Скрипнула калитка. Неужели серебряная сигара из Славянска-на-Кубани? Подкопаев-пиявица. Тоже прилип… Хрусть-хрусть-хрусть. Грусть-грусть-грусть. Веселая. Еще так чисто. Первобытный мир. В первобытном мире колыхалось совершенно невесомо небритое лицо ее, ее мужа, старика Козлова Сергея Андреевича.

Он!

Он не обратил внимания на растирающего щеки и уши постояльца Чижа. Чиж-пыж.

– Оля, ты?

– Я, я!.. Я-а-а-а!

На большее не хватило сил. Надо было кинуться на шею, зарыдать.

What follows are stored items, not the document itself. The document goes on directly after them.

lemma nn_integral_Icc_powr_div_powr_hyp2F1:
  fixes r m s A b :: real
  assumes r: "r > 0" and m: "m > -1" and s: "s > 0"
    and A: "A > 0" and b: "b \<ge> 0" and bA: "b * r \<le> A"
  shows "(\<integral>\<^sup>+y\<in>{-r..r}. ennreal ((r\<^sup>2 - y\<^sup>2) powr m / (A - b * y) powr s) \<partial>lborel)
       = ennreal (Beta (1/2) (m + 1) * r powr (2*m + 1) / A powr s)
         * hyp2F1 (s/2) (s/2 + 1/2) (m + 3/2) ((b * r / A)\<^sup>2)"
proof -
  define c where "c j = A powr (-s) * (2 * (pochhammer s (2*j) / fact (2*j)) * (b / A)^(2*j))" for j
  define T where "T j y = c j * ((r\<^sup>2 - y\<^sup>2) powr m * y^(2*j) * indicator {0..r} y)" for j y
  define G where "G y = (r\<^sup>2 - y\<^sup>2) powr m / (A - b * y) powr s" for y
  define \<kappa> where "\<kappa> = Beta (1/2) (m + 1) * r powr (2*m + 1) / A powr s"
  have c_nonneg: "c j \<ge> 0" for j
    using s b pochhammer_pos[OF s, of "2*j"] by (simp add: c_def)
  have \<kappa>_nonneg: "\<kappa> \<ge> 0"
    using m by (simp add: \<kappa>_def Beta_def Gamma_real_pos less_imp_le)
  \<comment> \<open>The point y = r is excluded: there A - b y may vanish (when b r = A).\<close>
  have series: "(\<Sum>j. ennreal (T j y)) = (ennreal (G y) + ennreal (G (-y))) * indicator {0..r} y"
    if "y \<noteq> r" for y
  proof (cases "y \<in> {0..r}")
    case True
    with that have y: "0 \<le> y" "y < r" by auto
    have "\<bar>b * y\<bar> < A"
    proof (cases "b = 0")
      case False
      then have "b * y < b * r" using y b by (intro mult_strict_left_mono) auto
      then show ?thesis using y b bA by simp
    qed (simp add: A)
    then have "(\<lambda>j. (r\<^sup>2 - y\<^sup>2) powr m * (c j * y^(2*j)))
        sums ((r\<^sup>2 - y\<^sup>2) powr m * ((A - b * y) powr (-s) + (A + b * y) powr (-s)))"
      unfolding c_def by (intro sums_mult sums_even_part_powr A)
    moreover have "(r\<^sup>2 - y\<^sup>2) powr m * ((A - b * y) powr (-s) + (A + b * y) powr (-s)) = G y + G (-y)"
      by (simp add: G_def powr_minus_divide distrib_left)
    ultimately have "(\<lambda>j. T j y) sums (G y + G (-y))"
      using True by (simp add: T_def mult_ac)
    then have "(\<Sum>j. ennreal (T j y)) = ennreal (G y + G (-y))"
      by (rule suminf_ennreal_eq[rotated]) (use y c_nonneg in \<open>simp add: T_def\<close>)
    then show ?thesis
      using True by (simp add: G_def ennreal_plus)
  qed (simp add: T_def)
  have term_integral: "(\<integral>\<^sup>+y. ennreal (T j y) \<partial>lborel)
      = ennreal (\<kappa> * (pochhammer (s/2) j * pochhammer (s/2 + 1/2) j / (pochhammer (m + 3/2) j * fact j)
                   * ((b * r / A)\<^sup>2)^j))" for j
    unfolding T_def c_def \<kappa>_def using r m s by (rule nn_integral_even_term_eq)
  have "(\<integral>\<^sup>+y\<in>{-r..r}. ennreal (G y) \<partial>lborel)
      = (\<integral>\<^sup>+y. (ennreal (G y) + ennreal (G (-y))) * indicator {0..r} y \<partial>lborel)"
    by (rule nn_integral_Icc_symmetric) (simp add: G_def)
  also have "\<dots> = (\<integral>\<^sup>+y. (\<Sum>j. ennreal (T j y)) \<partial>lborel)"
    by (intro nn_integral_cong_AE eventually_mono[OF AE_lborel_singleton[of r]]) (simp add: series)
  also have "\<dots> = (\<Sum>j. \<integral>\<^sup>+y. ennreal (T j y) \<partial>lborel)"
    by (rule nn_integral_suminf) (simp add: T_def)
  also have "\<dots> = ennreal \<kappa> * hyp2F1 (s/2) (s/2 + 1/2) (m + 3/2) ((b * r / A)\<^sup>2)"
    unfolding term_integral hyp2F1_def ennreal_suminf_cmult[symmetric]
    by (intro suminf_cong ennreal_mult' \<kappa>_nonneg)
  finally show ?thesis
    by (simp add: G_def \<kappa>_def)
qed

lemma sqrt_powr:
  fixes z e :: real
  assumes "z \<ge> 0"
  shows "sqrt z powr e = z powr (e / 2)"
  using assms by (simp add: powr_half_sqrt[symmetric] powr_powr)
(* Let $G$ be a connected map-rich graph without loops all of whose vertices have odd degree. Let $\gamma$ be the dimension of the bicycle space of $G$ and $v=|V(G)|$. Then the maximum number $\alpha$ of pairwise non-adjacent vertices of $G$ satisfies $\alpha\le v-1-\gamma$. In particular, if $G$ is planar, then $\alpha\le v-z$, where $z$ is the number of zigzag paths in a planar realization of $G$.
   Context: A map is a triple $M=(C_M,v_M,f_M)$ where $C_M$ is a finite cubic graph (multiple edges allowed) and $v_M,f_M$ are disjoint perfect matchings whose union is a disjoint union of 4-cycles, the squares ($SQ(M)$). $a_M=E(C_M)\setminus(v_M\cup f_M)$; $z_M$ is the matching formed by the diagonals of the squares; $Q_M=C_M\cup z_M$. For a map $X$, $G_X$ has vertices the cycles of $v_X\cup a_X$ and edges the squares, each square joining the cycles containing its two $v_X$-edges. The dual is $D=(C_M,f_M,v_M)$, the phial $P=(Q_M\setminus v_M,z_M,f_M)$; $V,F,Z$ are the $GF(2)$-coboundary spaces of $G_M,G_D,G_P$ (subsets of $SQ(M)$), $V^\perp$ the cycle space of $G_M$. $M$ is rich if $V^\perp=F+Z$; $G$ is map-rich if $G\cong G_M$ for a rich map $M$. The bicycle space of a graph is the intersection of its cycle space and coboundary space. $\chi(M)=\#(v_M\cup a_M\text{-cycles})-|SQ(M)|+\#(f_M\cup a_M\text{-cycles})$; a planar map is one with $C_M$ connected and $\chi(M)=2$. For planar $G$, the number of zigzag paths of a planar realization is the number of cycles of $z_M\cup a_M$ (in $Q_M$) for a planar map $M$ with $G_M\cong G$ (equivalently, the number of Petrie walks of a plane embedding of $G$). *)

theory Defs
  imports Main "HOL.Vector_Spaces" "HOL-Library.Z2" "HOL-Library.Function_Algebras"
begin

text \<open>A multigraph is a triple (vertex set, edge set, endpoint map); an edge e has
  endpoint set ends e of cardinality 1 (a loop) or 2.\<close>

type_synonym ('v,'e) mgraph = "'v set \<times> 'e set \<times> ('e \<Rightarrow> 'v set)"

definition mgraph :: "('v,'e) mgraph \<Rightarrow> bool" where
  "mgraph G = (case G of (Vs, Es, ends) \<Rightarrow>
     finite Vs \<and> finite Es \<and> (\<forall>e\<in>Es. ends e \<subseteq> Vs \<and> (card (ends e) = 1 \<or> card (ends e) = 2)))"
lemma Uq_Suc_sub_le:
  assumes "R i j t \<omega> \<le> Uq A R i j t \<omega>"
  shows "real (Uq A R i j (Suc t) \<omega>) - real (Uq A R i j t \<omega>) \<le> real (A i j t \<omega>) - real (R i j t \<omega>)"
  using assms by (simp add: Uq_Suc)

lemma measurable_Uq_Eq:
  assumes [measurable]: "\<And>t. A i j t \<in> M \<rightarrow>\<^sub>M count_space UNIV" "\<And>t. R i j t \<in> M \<rightarrow>\<^sub>M count_space UNIV"
  shows "Uq A R i j t \<in> M \<rightarrow>\<^sub>M count_space UNIV \<and> Eq A R i j t \<in> M \<rightarrow>\<^sub>M count_space UNIV"
proof (induction t)
  case 0
  then show ?case by simp
next
  case (Suc t)
  then have [measurable]: "Uq A R i j t \<in> M \<rightarrow>\<^sub>M count_space UNIV" "Eq A R i j t \<in> M \<rightarrow>\<^sub>M count_space UNIV"
    by auto
  have "(\<lambda>\<omega>. (Uq A R i j t \<omega> - Eq A R i j t \<omega> - R i j t \<omega>) + A i j t \<omega>) \<in> M \<rightarrow>\<^sub>M count_space UNIV"
       "(\<lambda>\<omega>. (Eq A R i j t \<omega> + R i j t \<omega>) - Uq A R i j t \<omega>) \<in> M \<rightarrow>\<^sub>M count_space UNIV"
    by measurable
  moreover have "Uq A R i j (Suc t) = (\<lambda>\<omega>. (Uq A R i j t \<omega> - Eq A R i j t \<omega> - R i j t \<omega>) + A i j t \<omega>)"
      "Eq A R i j (Suc t) = (\<lambda>\<omega>. (Eq A R i j t \<omega> + R i j t \<omega>) - Uq A R i j t \<omega>)"
    by (simp_all add: fun_eq_iff Uq_Suc Eq_Suc)
  ultimately show ?case
    by simp
qed

lemma emeasure_Int_comp_eq_map_pmf:
  fixes Y :: "'a \<Rightarrow> 'b" and D :: "'a \<Rightarrow> 'b pmf"
  assumes G: "countable G" and B: "B \<in> sets M"
    and Y: "\<And>\<omega>. \<omega> \<in> space M \<Longrightarrow> Y \<omega> \<in> G"
    and level_sets: "\<And>g. g \<in> G \<Longrightarrow> {\<omega> \<in> space M. Y \<omega> = g} \<in> sets M"
    and support: "\<And>\<omega>. \<omega> \<in> space M \<Longrightarrow> set_pmf (D \<omega>) \<subseteq> G"
    and measurable_pmf: "\<And>g. g \<in> G \<Longrightarrow> (\<lambda>\<omega>. ennreal (pmf (D \<omega>) g)) \<in> borel_measurable M"
    and law: "\<And>g. g \<in> G \<Longrightarrow>
      emeasure M (B \<inter> {\<omega> \<in> space M. Y \<omega> = g}) = (\<integral>\<^sup>+\<omega>\<in>B. pmf (D \<omega>) g \<partial>M)"
  shows "emeasure M (B \<inter> {\<omega> \<in> space M. h (Y \<omega>) = c}) = (\<integral>\<^sup>+\<omega>\<in>B. pmf (map_pmf h (D \<omega>)) c \<partial>M)"
proof -
  define H where "H = {g \<in> G. h g = c}"
  have H: "countable H"
    using G by (simp add: H_def)
  have "B \<inter> {\<omega> \<in> space M. h (Y \<omega>) = c} = (\<Union>g\<in>H. B \<inter> {\<omega> \<in> space M. Y \<omega> = g})"
    using Y by (auto simp: H_def)
  also have "emeasure M \<dots> =
      (\<integral>\<^sup>+g. emeasure M (B \<inter> {\<omega> \<in> space M. Y \<omega> = g}) \<partial>count_space H)"
    by (rule emeasure_UN_countable[OF _ H]) (use B level_sets in \<open>auto simp: H_def disjoint_family_on_def\<close>)
  also have "\<dots> = (\<integral>\<^sup>+g. \<integral>\<^sup>+\<omega>. ennreal (pmf (D \<omega>) g) * indicator B \<omega> \<partial>M \<partial>count_space H)"
    by (intro nn_integral_cong) (simp add: law H_def)
  also have "\<dots> = (\<integral>\<^sup>+\<omega>. \<integral>\<^sup>+g. ennreal (pmf (D \<omega>) g) * indicator B \<omega> \<partial>count_space H \<partial>M)"
    using B measurable_pmf by (intro nn_integral_count_space_nn_integral[symmetric] H) (auto simp: H_def)
  also have "\<dots> = (\<integral>\<^sup>+\<omega>\<in>B. pmf (map_pmf h (D \<omega>)) c \<partial>M)"
  proof (intro nn_integral_cong)
    fix \<omega> assume \<omega>: "\<omega> \<in> space M"
    have "set_pmf (D \<omega>) \<inter> H = set_pmf (D \<omega>) \<inter> h -` {c}"
      using support[OF \<omega>] by (auto simp: H_def)
    then have "emeasure (D \<omega>) H = emeasure (D \<omega>) (h -` {c})"
      by (metis emeasure_Int_set_pmf inf_commute)
    then show "(\<integral>\<^sup>+g. ennreal (pmf (D \<omega>) g) * indicator B \<omega> \<partial>count_space H) =
        ennreal (pmf (map_pmf h (D \<omega>)) c) * indicator B \<omega>"
      by (simp add: nn_integral_multc nn_integral_pmf pmf_map measure_pmf.emeasure_eq_measure)
  qed
  finally show ?thesis .
qed

lemma nn_integral_binomial_pmf_real:
  assumes "p \<in> {0..1}"
  shows "(\<integral>\<^sup>+k. ennreal (real k) \<partial>binomial_pmf n p) = ennreal (real n * p)"
proof (induction n)
  case 0
  then show ?case using assms by (simp add: binomial_pmf_0)
next
  case (Suc n)
  have "(\<integral>\<^sup>+k. ennreal (real k) \<partial>binomial_pmf (Suc n) p) =
      (\<integral>\<^sup>+b. (\<integral>\<^sup>+k. of_bool b + ennreal (real k) \<partial>binomial_pmf n p) \<partial>bernoulli_pmf p)"
    using assms by (simp add: binomial_pmf_Suc ennreal_plus)
  also have "\<dots> = (\<integral>\<^sup>+b. of_bool b + ennreal (real n * p) \<partial>bernoulli_pmf p)"
    by (simp add: nn_integral_add Suc measure_pmf.emeasure_space_1)
  also have "\<dots> = ennreal (p + real n * p)"
    using assms by (simp add: nn_integral_add nn_integral_bernoulli_pmf measure_pmf.emeasure_space_1
      ennreal_plus)
  finally show ?case
    by (simp add: algebra_simps)
qed
lemma polygon_iff_feasible: "x \<in> polygon v \<longleftrightarrow> (\<exists>q. feasible v x q)"
proof
  assume "x \<in> polygon v"
  then obtain u where u: "\<forall>y\<in>v ` {0..<4}. 0 \<le> u y" "sum u (v ` {0..<4}) = 1"
    "(\<Sum>y\<in>v ` {0..<4}. u y *\<^sub>R y) = x"
    unfolding polygon_def by (subst (asm) convex_hull_finite) auto
  define q where "q i = (if i < 4 then u (v i) else 0)" for i
  have "(\<Sum>i<4. q i) = sum u (v ` {0..<4})" "(\<Sum>i<4. q i *\<^sub>R v i) = (\<Sum>y\<in>v ` {0..<4}. u y *\<^sub>R y)"
    by (simp_all add: sum.reindex[OF vertices_inj, unfolded atLeast0LessThan] q_def atLeast0LessThan)
  with u have "feasible v x q"
    by (auto simp: feasible_def q_def)
  then show "\<exists>q. feasible v x q" by blast
next
  assume "\<exists>q. feasible v x q"
  then obtain q where q: "feasible v x q" ..
  have "(\<Sum>i<4. q i *\<^sub>R v i) \<in> polygon v"
    unfolding polygon_def
    by (rule convex_sum) (use q in \<open>auto simp: feasible_def intro: hull_inc\<close>)
  with q show "x \<in> polygon v"
    by (simp add: feasible_def)
qed

lemma polygon_subset_halfplane: "polygon v \<subseteq> {z. 0 \<le> area2 z (vtx v j) (vtx v (j + 1))}"
proof -
  have "v ` {0..<4} \<subseteq> {z. 0 \<le> area2 z (vtx v (j mod 4)) (vtx v (j mod 4 + 1))}"
    using area2_vertices_nonneg[of "j mod 4"] by auto
  then show ?thesis
    unfolding polygon_def vtx_mod_four by (rule hull_minimal) (rule convex_area2_halfplane)
qed

lemma interior_polygon_area2_pos:
  "x \<in> interior (polygon v) \<Longrightarrow> 0 < area2 x (vtx v j) (vtx v (j + 1))"
proof -
  assume "x \<in> interior (polygon v)"
  then have "x \<in> interior {z. 0 \<le> area2 z (vtx v j) (vtx v (j + 1))}"
    using interior_mono[OF polygon_subset_halfplane] by blast
  then show ?thesis
    by (simp only: interior_area2_halfplane[OF adjacent_vertices_distinct] mem_Collect_eq)
qed
(* (1) Given a family $(\ell_{s,t})_{(s,t)\in\Delta}$ of transition kernels of a branching process on $\mathbb N_0^*$, the functions $F_{s,t}(z)=\sum_{n\ge0}\ell_{s,t}(1,\{n\})z^n$, $z\in\mathbb D$, form a topological reverse evolution family in $\mathbb D$ contained in $\mathcal{PGF}$. (2) Conversely, given a topological reverse evolution family $(F_{s,t})_{(s,t)\in\Delta}$ in $\mathbb D$ contained in $\mathcal{PGF}$, there exists a unique family $(\ell_{s,t})_{(s,t)\in\Delta}$ of transition kernels of a branching process on $\mathbb N_0^*$ such that $F_{s,t}(z)=\sum_{n\ge0}\ell_{s,t}(1,\{n\})z^n$ for all $z\in\mathbb D$, $(s,t)\in\Delta$.
   Context: $\Delta=\{(s,t):0\le s\le t\}$, $\mathbb D=\{|z|<1\}$, $\mathbb N_0=\{0,1,2,\dots\}$, $\mathbb N_0^*=\mathbb N_0\cup\{\infty\}$ with its natural compact topology. A family of transition kernels of a branching process on $\mathbb N_0^*$ is a family $(\ell_{s,t})_{(s,t)\in\Delta}$ of transition kernels on $\mathbb N_0^*$ with: (L1) $\ell_{s,s}(n,\cdot)=\delta_n$; (L2) $\ell_{s,t}\star\ell_{t,u}=\ell_{s,u}$ for $s\le t\le u$, where $(k\star l)(x,B)=\int l(y,B)k(x,\mathrm dy)$; (L3) for each $n\in\mathbb N_0$, $(s,t)\mapsto\ell_{s,t}(n,\cdot)$ is weakly continuous into probability measures on $\mathbb N_0^*$; (L4) $\ell_{s,t}(m,\cdot)\ast\ell_{s,t}(n,\cdot)=\ell_{s,t}(m+n,\cdot)$ for $m,n\in\mathbb N_0$; (L5) $\ell_{s,t}(0,\cdot)=\delta_0$; (L6) $\ell_{s,t}(\infty,\cdot)=\delta_\infty$. $\mathcal{PGF}$ is the set of power series $\sum_{n\ge0}p_nz^n$ with $p_n\ge0$, $\sum p_n\le1$, excluding the constant $1$; it is a subset of ${\sf Hol}(\mathbb D,\mathbb D)$. A topological reverse evolution family in $\mathbb D$ is $(F_{s,t})\subset{\sf Hol}(\mathbb D,\mathbb D)$ with $F_{s,s}={\rm id}$, $F_{s,u}=F_{s,t}\circ F_{t,u}$ ($s\le t\le u$), and $(s,t)\mapsto F_{s,t}$ continuous for locally uniform convergence. *)

theory Defs
  imports "HOL-Probability.Probability" "HOL-Library.Extended_Nat"
begin

definition Delta :: "(real \<times> real) set" where
  "Delta = {(s, t). 0 \<le> s \<and> s \<le> t}"

abbreviation unit_disc :: "complex set" where
  "unit_disc \<equiv> ball 0 1"

text \<open>Transition kernels on N_0^* (type enat, with its order topology, i.e. the
  one-point compactification of N_0).  Since N_0^* is countable and its Borel
  sigma-algebra is the power set, a transition kernel is a map
  enat => enat pmf.\<close>

definition kernel_comp :: "('a \<Rightarrow> 'a pmf) \<Rightarrow> ('a \<Rightarrow> 'a pmf) \<Rightarrow> ('a \<Rightarrow> 'a pmf)" where
  "kernel_comp k l = (\<lambda>x. bind_pmf (k x) l)"
lemma incoming_bound: assumes u: "u < N"
  shows "(\<Sum>v<N. if P v u > 0 then real (max_deg N P) - 1 else 0)
    \<le> real (max_deg N P) * (real (max_deg N P) - 1)"
proof -
  have "(\<Sum>v<N. if P v u > 0 then real (max_deg N P) - 1 else 0)
      = (\<Sum>v\<in>{v \<in> {..<N}. P v u > 0}. real (max_deg N P) - 1)"
    by (subst sum.inter_filter) simp_all
  also have "\<dots> = real (card {v \<in> {..<N}. P v u > 0}) * (real (max_deg N P) - 1)" by simp
  also have "\<dots> \<le> real (max_deg N P) * (real (max_deg N P) - 1)"
    using deg_le[OF u] max_deg_ge1[OF u] unfolding in_nbrs[OF u] deg_def
    by (intro mult_right_mono) auto
  finally show ?thesis .
qed

end

context billiard_chain begin

lemma main_bound: assumes w: "w < N"
  shows "\<bar>real (c T w) - mu N P \<chi>0 T w\<bar>
    \<le> 3 * \<pi> w / pi_min N \<pi> * real tstar * real (max_deg N P) * (real (max_deg N P) - 1)"
proof -
  define \<Delta> where "\<Delta> = real (max_deg N P)"
  define e where "e t u = \<bar>mpow N P (T - Suc t) u w - \<pi> w\<bar>" for t u
  define q where "q = \<pi> w / pi_min N \<pi>"
  have d1: "\<Delta> - 1 \<ge> 0" unfolding \<Delta>_def using max_deg_ge1[OF w] by simp
  have q0: "q \<ge> 0" unfolding q_def using pi_nonneg[OF w] pi_min_pos w by simp
  have incoming: "\<bar>rounding t v u\<bar> \<le> (if P v u > 0 then \<Delta> - 1 else 0)"
    if "v < N" "u < N" for t v u
    using rounding_bound[OF that, of t] deg_le[OF that(1)] unfolding \<Delta>_def by auto
  have "\<bar>real (c T w) - mu N P \<chi>0 T w\<bar>
      \<le> (\<Sum>t<T. \<Sum>v<N. \<Sum>u<N. \<bar>rounding t v u * (mpow N P (T - Suc t) u w - \<pi> w)\<bar>)"
    unfolding chi_minus_mu[OF w] by (rule abs_triple_sum_le)
  also have "\<dots> \<le> (\<Sum>t<T. \<Sum>v<N. \<Sum>u<N. (if P v u > 0 then \<Delta> - 1 else 0) * e t u)"
    unfolding e_def abs_mult by (intro sum_mono mult_right_mono incoming) auto
  also have "\<dots> = (\<Sum>t<T. \<Sum>u<N. (\<Sum>v<N. if P v u > 0 then \<Delta> - 1 else 0) * e t u)"
    by (rule sum.cong[OF refl]) (rule sum_swap_mult[symmetric])
  also have "\<dots> \<le> (\<Sum>t<T. \<Sum>u<N. (\<Delta> * (\<Delta> - 1)) * e t u)"
    using incoming_bound unfolding e_def \<Delta>_def by (intro sum_mono mult_right_mono) auto
  also have "\<dots> = (\<Delta> * (\<Delta> - 1)) * (\<Sum>t<T. \<Sum>u<N. e t u)" by (simp add: sum_distrib_left)
  also have "\<dots> \<le> (\<Delta> * (\<Delta> - 1)) * (\<Sum>t<T. q * row_dist w (T - Suc t))"
    using d1 \<Delta>_def max_deg_ge1[OF w] unfolding e_def q_def
    by (intro mult_left_mono sum_mono column_dev_sum[OF w]) auto
  also have "(\<Sum>t<T. q * row_dist w (T - Suc t)) = q * (\<Sum>s<T. row_dist w s)"
    by (simp add: sum_distrib_left[symmetric] sum.nat_diff_reindex)
  also have "(\<Delta> * (\<Delta> - 1)) * (q * (\<Sum>s<T. row_dist w s)) \<le> (\<Delta> * (\<Delta> - 1)) * (q * (3 * real tstar))"
    using d1 q0 row_dist_sum[OF w] \<Delta>_def max_deg_ge1[OF w] by (intro mult_left_mono) auto
  finally show ?thesis unfolding q_def \<Delta>_def by (simp add: algebra_simps)
qed

end

theorem theorem5p3:
  fixes N :: nat and P :: "nat \<Rightarrow> nat \<Rightarrow> real" and \<pi> :: "nat \<Rightarrow> real"
    and \<sigma> :: "nat \<Rightarrow> nat \<Rightarrow> nat" and \<chi>0 :: "nat \<Rightarrow> nat"
  assumes "ergodic_chain N P"
    and "stationary_dist N P \<pi>"
    and "reversible_chain N P \<pi>"
    and "billiard_router N P \<sigma>"
  shows "\<forall>w<N. \<forall>T. \<bar>real (chi N \<sigma> \<chi>0 T w) - mu N P \<chi>0 T w\<bar>
           \<le> 3 * \<pi> w / pi_min N \<pi> * real (mixing_rate N P \<pi>)
               * real (max_deg N P) * (real (max_deg N P) - 1)"
proof -
  interpret billiard_chain N P \<pi> \<sigma> \<chi>0
    by unfold_locales (use assms in auto)
  show ?thesis using main_bound by blast
qed

end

Сергей Козлов, в чужом, арестантском бушлате, припорошенном соломой. С темной рамкой под мышкой:

– А это для пчел инструмент. Дымарь. Пчеловодством займемся…

Вот и все.

Вечер. Ночь. А дальше – сплошное многоточие…

Он подошел к окну. Она – к нему, вся. На морозном стекле сияли узоры. В радужном оперении расплывалась луна. Как в слезах.

– Оль, ты меня ждала?

– Глупый. Ждала, конечно.

Но она это не говорила. Слова бились и выплескивались из нее. В этом пьяном лунном свете ее глаза обрели дар речи.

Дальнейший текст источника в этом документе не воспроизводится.